Loyd Brown Arrested After DNA From Knife Ties Him to 2003 Murder
Oklahoma City police arrested 59-year-old Loyd Brown after DNA from a re-tested knife handle matched him to the 2003 stabbing death of Leon Harris, a cold-case breakthrough with local impact.

Oklahoma City police took 59-year-old Loyd Brown into custody after cold-case investigators re-tested a knife from a 2003 homicide and found a DNA match to Brown on the knife’s handle. The knife was linked to the fatal stabbing of Leon Harris, an unsolved murder investigators have pursued for more than two decades.
Police arrested Brown on Feb. 10, 2026 at a northwest Oklahoma City home near Britton Road and Western Avenue where he had been allegedly squatting for nearly a year. Authorities say a woman was detained at the scene but “was not connected to the murder in any way.” Brown is being held at the Oklahoma County Detention Center. A homeowner at the address, identified only as Blankenship, said, “They took both of them out of here.”
Court filings and full charging documents have not yet been released publicly. Police affidavit material summarized by investigators said Brown initially denied knowing the victim and changed his story several times during questioning. Brown later told investigators that the victim broke into his home at the Will Rogers Courts and attacked him with a knife, and that he forced the man outside and “the man fell on the knife.” Officers noted the victim’s wounds did not match Brown’s account.
The key forensic development was the DNA recovered from the knife handle after re-testing; authorities say that profile matched Brown. Officials have not specified which laboratory conducted the analysis, what type of DNA testing was used, or whether the match came from a criminal database, investigative genetic genealogy, or another source. Those technical details will be important to understanding how investigators closed this long-running file.
Cold-case work often depends on preserved evidence and advances in DNA methods. As Oklahoma City investigators have learned in other cases, re-analysis and new investigative tools can produce matches years after an original crime. Oklahoma City Police Department Master Sergeant Dillon Quirk has summarized that dynamic in prior work: “DNA was collected. ‘There was a profile for a person, but it was unrivaled at that time.’” That gap can close when testing or databases change.

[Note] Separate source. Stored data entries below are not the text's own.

definition mdeg :: "(('d::finite \<times> 'r) \<Rightarrow>\<^sub>0 nat) \<Rightarrow> 'r \<Rightarrow> nat" where
  "mdeg m = (\<lambda>i. \<Sum>j\<in>UNIV. Poly_Mapping.lookup m (j, i))"

definition homogeneous :: "('r \<Rightarrow> nat) \<Rightarrow> ('d::finite, 'r, 'a::comm_ring_1) tens \<Rightarrow> bool" where
  "homogeneous \<beta> p \<longleftrightarrow> (\<forall>m \<in> Poly_Mapping.keys p. mdeg m = \<beta>)"

definition perm_mon :: "('d \<Rightarrow> 'd) \<Rightarrow> (('d::finite \<times> 'r::finite) \<Rightarrow>\<^sub>0 nat) \<Rightarrow> ('d \<times> 'r) \<Rightarrow>\<^sub>0 nat" where
  "perm_mon \<sigma> m = Abs_poly_mapping (\<lambda>(j, i). Poly_Mapping.lookup m (\<sigma> j, i))"

(* Symmetric tensors TS^d_A(B) = \<Gamma>^d_A(B). *)
definition symmetric :: "('d::finite, 'r::finite, 'a::comm_ring_1) tens \<Rightarrow> bool" where
  "symmetric p \<longleftrightarrow> (\<forall>\<sigma>. \<sigma> permutes (UNIV :: 'd set) \<longrightarrow>
      (\<forall>m. Poly_Mapping.lookup p (perm_mon \<sigma> m) = Poly_Mapping.lookup p m))"

(* A-subalgebra generated by a set G (A embedded as a \<mapsto> a\<cdot>1\<otimes>...\<otimes>1). *)
inductive_set gen_alg :: "('d::finite, 'r::finite, 'a::comm_ring_1) tens set \<Rightarrow> ('d, 'r, 'a) tens set"
  for G where
  scalar: "Poly_Mapping.single 0 a \<in> gen_alg G"
| gen: "g \<in> G \<Longrightarrow> g \<in> gen_alg G"
| add: "p \<in> gen_alg G \<Longrightarrow> q \<in> gen_alg G \<Longrightarrow> p + q \<in> gen_alg G"
| mult: "p \<in> gen_alg G \<Longrightarrow> q \<in> gen_alg G \<Longrightarrow> p * q \<in> gen_alg G"

(* \<Gamma>^d_A(B)_{<\<gamma>}; on functions 'r \<Rightarrow> nat, < is componentwise \<le> and \<noteq>. *)
definition Gamma_less :: "('r::finite \<Rightarrow> nat) \<Rightarrow> ('d::finite, 'r, 'a::comm_ring_1) tens set" where
  "Gamma_less \<gamma> = gen_alg {p. symmetric p \<and> (\<exists>\<beta>. \<beta> < \<gamma> \<and> homogeneous \<beta> p)}"

end

theory Submission
  imports Defs "HOL-Computational_Algebra.Polynomial" "HOL-Combinatorics.Cycles"
begin

text \<open>
  Substituting \<open>x \<mapsto> x\<^sup>\<alpha>\<close> and base-changing from \<open>\<int>\<close> to \<open>A\<close> is a ring map preserving symmetry
  and sending \<open>\<Gamma>\<^sub><\<^sub>n\<close> into \<open>\<Gamma>\<^sub><\<^sub>n\<^sub>\<alpha>\<close>, so it suffices to treat one variable over \<open>\<int>\<close>, where
  \<open>X = \<gamma>\<^sup>k(x\<^sup>m) \<times> \<gamma>\<^sup>d\<^sup>-\<^sup>k(1) - (-1)\<^sup>k\<^sup>m\<^sup>-\<^sup>k m \<gamma>\<^sup>k\<^sup>m(x) \<times> \<gamma>\<^sup>d\<^sup>-\<^sup>k\<^sup>m(1)\<close> is symmetric and homogeneous of degree \<open>n = km\<close>.
  Subtracting products \<open>\<gamma>\<^sup>l(x) \<times> \<gamma>\<^sup>d\<^sup>-\<^sup>l(1) \<cdot> (orbit sum)\<close> shows that every such element is
  \<open>c \<gamma>\<^sup>n(x) \<times> \<gamma>\<^sup>d\<^sup>-\<^sup>n(1)\<close> modulo \<open>\<Gamma>\<^sub><\<^sub>n\<close>.  Newton's identities, applied to \<open>x\<^sup>k\<^sup>m\<close> viewed as a \<open>km\<close>-th
  and as a \<open>k\<close>-th power, give \<open>k X \<in> \<Gamma>\<^sub><\<^sub>n\<close>, hence \<open>kc \<gamma>\<^sup>n(x) \<times> \<gamma>\<^sup>d\<^sup>-\<^sup>n(1) \<in> \<Gamma>\<^sub><\<^sub>n\<close>.  Finally, evaluating
  the \<open>j\<close>-th factor at \<open>z\<^sub>j t\<close>, where \<open>z\<close> lists the \<open>n\<close>-th roots of unity on \<open>n\<close> positions, kills the
  coefficient of \<open>t\<^sup>n\<close> on \<open>\<Gamma>\<^sub><\<^sub>n\<close> (a symmetric element of degree \<open>0 < s < n\<close> is invariant under
  \<open>z \<mapsto> \<omega> z\<close>, a permutation, but scales by \<open>\<omega>\<^sup>s\<close>) while it is \<open>\<Prod> z\<^sub>j \<noteq> 0\<close> on \<open>\<gamma>\<^sup>n(x) \<times> \<gamma>\<^sup>d\<^sup>-\<^sup>n(1)\<close>.
  So \<open>c = 0\<close>.  If \<open>km > d\<close> the second term vanishes.
\<close>


lemma lookup_tmon: "Poly_Mapping.lookup (tmon e) x = e (fst x) (snd x)"
  unfolding tmon_def by (subst lookup_Abs_poly_mapping) (auto simp: case_prod_beta)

For neighbors and the Harris family, the arrest may offer a measure of answers after 23 years. For the broader community, the case underscores the value of preserving evidence and of transparent updates from law enforcement about testing methods and charging decisions. Journalists and residents awaiting further information should look for the formal charging documents, the arrest affidavit and lab reports that will clarify the forensic basis for the arrest and the next legal steps.
Expect prosecutors to decide on formal filing and arraignment dates in the coming days; investigators may also release details on the lab work that produced the match. I will follow developments and report confirmed court filings, forensic documentation, and official statements as they become available.